◆ WORK INSTRUCTION ◆
Take the entries that follow and return exactly the lines from the one holding "unfolding germ_equiv_def by (simp" through the one holding "using assms(1) unfolding", both included. Nothing else is needed.

◆ ENTRIES SUPPLIED ◆
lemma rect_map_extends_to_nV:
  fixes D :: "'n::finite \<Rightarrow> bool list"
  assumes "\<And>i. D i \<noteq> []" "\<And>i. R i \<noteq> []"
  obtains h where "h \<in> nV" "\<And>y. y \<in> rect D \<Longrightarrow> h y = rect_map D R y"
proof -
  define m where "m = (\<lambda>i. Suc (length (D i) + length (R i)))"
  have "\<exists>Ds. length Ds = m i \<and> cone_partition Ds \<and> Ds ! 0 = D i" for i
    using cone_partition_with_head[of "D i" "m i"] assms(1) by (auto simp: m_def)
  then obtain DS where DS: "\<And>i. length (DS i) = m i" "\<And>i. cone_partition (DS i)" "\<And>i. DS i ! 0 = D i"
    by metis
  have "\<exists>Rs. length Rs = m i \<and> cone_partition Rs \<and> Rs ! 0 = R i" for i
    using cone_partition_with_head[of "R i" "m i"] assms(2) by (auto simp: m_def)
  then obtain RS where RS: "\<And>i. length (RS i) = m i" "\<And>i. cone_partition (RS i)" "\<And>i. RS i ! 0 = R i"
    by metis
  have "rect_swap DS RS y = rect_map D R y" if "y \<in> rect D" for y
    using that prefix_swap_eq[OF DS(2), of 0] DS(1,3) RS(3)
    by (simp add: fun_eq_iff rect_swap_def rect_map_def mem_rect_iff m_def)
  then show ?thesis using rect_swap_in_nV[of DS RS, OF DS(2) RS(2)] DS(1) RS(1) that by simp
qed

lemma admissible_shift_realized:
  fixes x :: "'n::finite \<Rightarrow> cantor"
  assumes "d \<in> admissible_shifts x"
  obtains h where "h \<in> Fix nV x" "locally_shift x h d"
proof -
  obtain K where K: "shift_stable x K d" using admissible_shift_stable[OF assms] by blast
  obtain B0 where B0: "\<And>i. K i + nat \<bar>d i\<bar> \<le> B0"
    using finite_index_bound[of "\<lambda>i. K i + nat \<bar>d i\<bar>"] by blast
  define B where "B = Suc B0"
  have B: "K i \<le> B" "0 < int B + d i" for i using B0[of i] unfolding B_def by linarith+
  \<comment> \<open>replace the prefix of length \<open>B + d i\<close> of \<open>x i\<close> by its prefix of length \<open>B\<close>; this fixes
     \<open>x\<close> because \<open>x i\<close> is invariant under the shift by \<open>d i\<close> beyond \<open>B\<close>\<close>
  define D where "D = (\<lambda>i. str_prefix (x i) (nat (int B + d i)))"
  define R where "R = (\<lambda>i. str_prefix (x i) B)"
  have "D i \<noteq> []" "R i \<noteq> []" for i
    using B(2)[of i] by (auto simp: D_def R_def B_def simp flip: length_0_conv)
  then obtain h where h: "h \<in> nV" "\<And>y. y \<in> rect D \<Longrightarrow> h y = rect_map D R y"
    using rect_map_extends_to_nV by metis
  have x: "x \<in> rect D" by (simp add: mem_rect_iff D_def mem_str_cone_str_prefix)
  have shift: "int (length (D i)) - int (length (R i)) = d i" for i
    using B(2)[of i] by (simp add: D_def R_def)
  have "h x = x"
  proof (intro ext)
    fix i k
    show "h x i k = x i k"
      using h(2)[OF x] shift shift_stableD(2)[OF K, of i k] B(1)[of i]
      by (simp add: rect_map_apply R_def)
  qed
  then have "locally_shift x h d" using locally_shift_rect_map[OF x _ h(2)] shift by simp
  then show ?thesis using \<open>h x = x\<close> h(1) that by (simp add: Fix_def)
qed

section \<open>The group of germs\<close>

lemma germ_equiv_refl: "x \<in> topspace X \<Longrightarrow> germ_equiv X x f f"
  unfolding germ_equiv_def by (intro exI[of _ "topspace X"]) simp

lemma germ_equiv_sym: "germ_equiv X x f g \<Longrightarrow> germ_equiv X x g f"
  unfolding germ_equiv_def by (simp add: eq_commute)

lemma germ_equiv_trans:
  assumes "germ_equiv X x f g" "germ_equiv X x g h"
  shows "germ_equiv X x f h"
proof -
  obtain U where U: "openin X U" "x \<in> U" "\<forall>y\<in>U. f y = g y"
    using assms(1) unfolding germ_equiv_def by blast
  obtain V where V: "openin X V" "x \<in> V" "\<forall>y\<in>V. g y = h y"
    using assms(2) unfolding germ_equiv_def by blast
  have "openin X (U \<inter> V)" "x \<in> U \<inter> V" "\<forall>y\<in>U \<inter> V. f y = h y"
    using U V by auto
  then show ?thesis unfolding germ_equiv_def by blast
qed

==

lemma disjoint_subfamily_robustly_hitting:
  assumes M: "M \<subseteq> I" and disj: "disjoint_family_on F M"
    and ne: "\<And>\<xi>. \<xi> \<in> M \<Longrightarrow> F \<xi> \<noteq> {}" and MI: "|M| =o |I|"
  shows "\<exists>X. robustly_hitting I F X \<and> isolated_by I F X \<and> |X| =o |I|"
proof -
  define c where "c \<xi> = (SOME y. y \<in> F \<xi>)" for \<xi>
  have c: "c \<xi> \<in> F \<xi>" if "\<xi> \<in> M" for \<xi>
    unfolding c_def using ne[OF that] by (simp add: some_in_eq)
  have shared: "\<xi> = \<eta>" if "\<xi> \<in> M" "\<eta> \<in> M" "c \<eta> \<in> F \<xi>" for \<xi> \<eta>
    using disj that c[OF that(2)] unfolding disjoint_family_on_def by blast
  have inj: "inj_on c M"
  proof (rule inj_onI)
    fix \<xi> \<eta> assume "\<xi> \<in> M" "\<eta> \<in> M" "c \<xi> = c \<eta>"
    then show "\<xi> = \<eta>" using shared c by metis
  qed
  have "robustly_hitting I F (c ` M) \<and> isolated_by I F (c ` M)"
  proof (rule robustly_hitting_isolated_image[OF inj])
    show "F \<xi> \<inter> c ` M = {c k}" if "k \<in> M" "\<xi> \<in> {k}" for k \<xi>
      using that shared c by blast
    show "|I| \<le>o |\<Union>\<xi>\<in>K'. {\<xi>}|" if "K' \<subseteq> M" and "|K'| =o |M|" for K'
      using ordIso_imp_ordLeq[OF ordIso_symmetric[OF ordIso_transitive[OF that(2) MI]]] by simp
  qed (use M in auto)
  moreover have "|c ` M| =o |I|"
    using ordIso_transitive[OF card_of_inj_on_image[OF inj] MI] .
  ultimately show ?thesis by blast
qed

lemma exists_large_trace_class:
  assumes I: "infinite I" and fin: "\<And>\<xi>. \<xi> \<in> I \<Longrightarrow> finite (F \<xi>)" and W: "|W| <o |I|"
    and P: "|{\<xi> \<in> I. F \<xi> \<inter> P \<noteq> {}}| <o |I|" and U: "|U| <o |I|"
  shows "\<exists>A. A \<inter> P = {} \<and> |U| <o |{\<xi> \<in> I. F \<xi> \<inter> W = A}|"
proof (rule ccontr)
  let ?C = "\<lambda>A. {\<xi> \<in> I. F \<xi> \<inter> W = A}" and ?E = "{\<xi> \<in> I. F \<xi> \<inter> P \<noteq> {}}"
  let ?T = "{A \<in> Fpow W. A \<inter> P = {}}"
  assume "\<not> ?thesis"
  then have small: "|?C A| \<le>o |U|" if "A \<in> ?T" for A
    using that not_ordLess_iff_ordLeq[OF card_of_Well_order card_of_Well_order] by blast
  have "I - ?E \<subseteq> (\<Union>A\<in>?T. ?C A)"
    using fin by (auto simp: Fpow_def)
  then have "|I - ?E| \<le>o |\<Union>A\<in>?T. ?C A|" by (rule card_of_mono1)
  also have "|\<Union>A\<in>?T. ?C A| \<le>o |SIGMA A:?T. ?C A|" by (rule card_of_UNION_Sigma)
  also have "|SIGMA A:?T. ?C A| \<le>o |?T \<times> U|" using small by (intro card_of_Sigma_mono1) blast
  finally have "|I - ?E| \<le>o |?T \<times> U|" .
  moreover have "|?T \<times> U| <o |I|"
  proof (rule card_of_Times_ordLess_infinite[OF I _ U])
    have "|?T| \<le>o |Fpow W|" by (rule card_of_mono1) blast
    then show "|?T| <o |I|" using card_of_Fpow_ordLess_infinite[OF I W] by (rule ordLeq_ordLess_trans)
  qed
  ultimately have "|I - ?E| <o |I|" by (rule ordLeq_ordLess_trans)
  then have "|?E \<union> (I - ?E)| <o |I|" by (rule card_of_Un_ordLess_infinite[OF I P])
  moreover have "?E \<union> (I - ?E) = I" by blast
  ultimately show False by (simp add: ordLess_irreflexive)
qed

◆ RESPONSE ◆
  unfolding germ_equiv_def by (simp add: eq_commute)

lemma germ_equiv_trans:
  assumes "germ_equiv X x f g" "germ_equiv X x g h"
  shows "germ_equiv X x f h"
proof -
  obtain U where U: "openin X U" "x \<in> U" "\<forall>y\<in>U. f y = g y"
    using assms(1) unfolding germ_equiv_def by blast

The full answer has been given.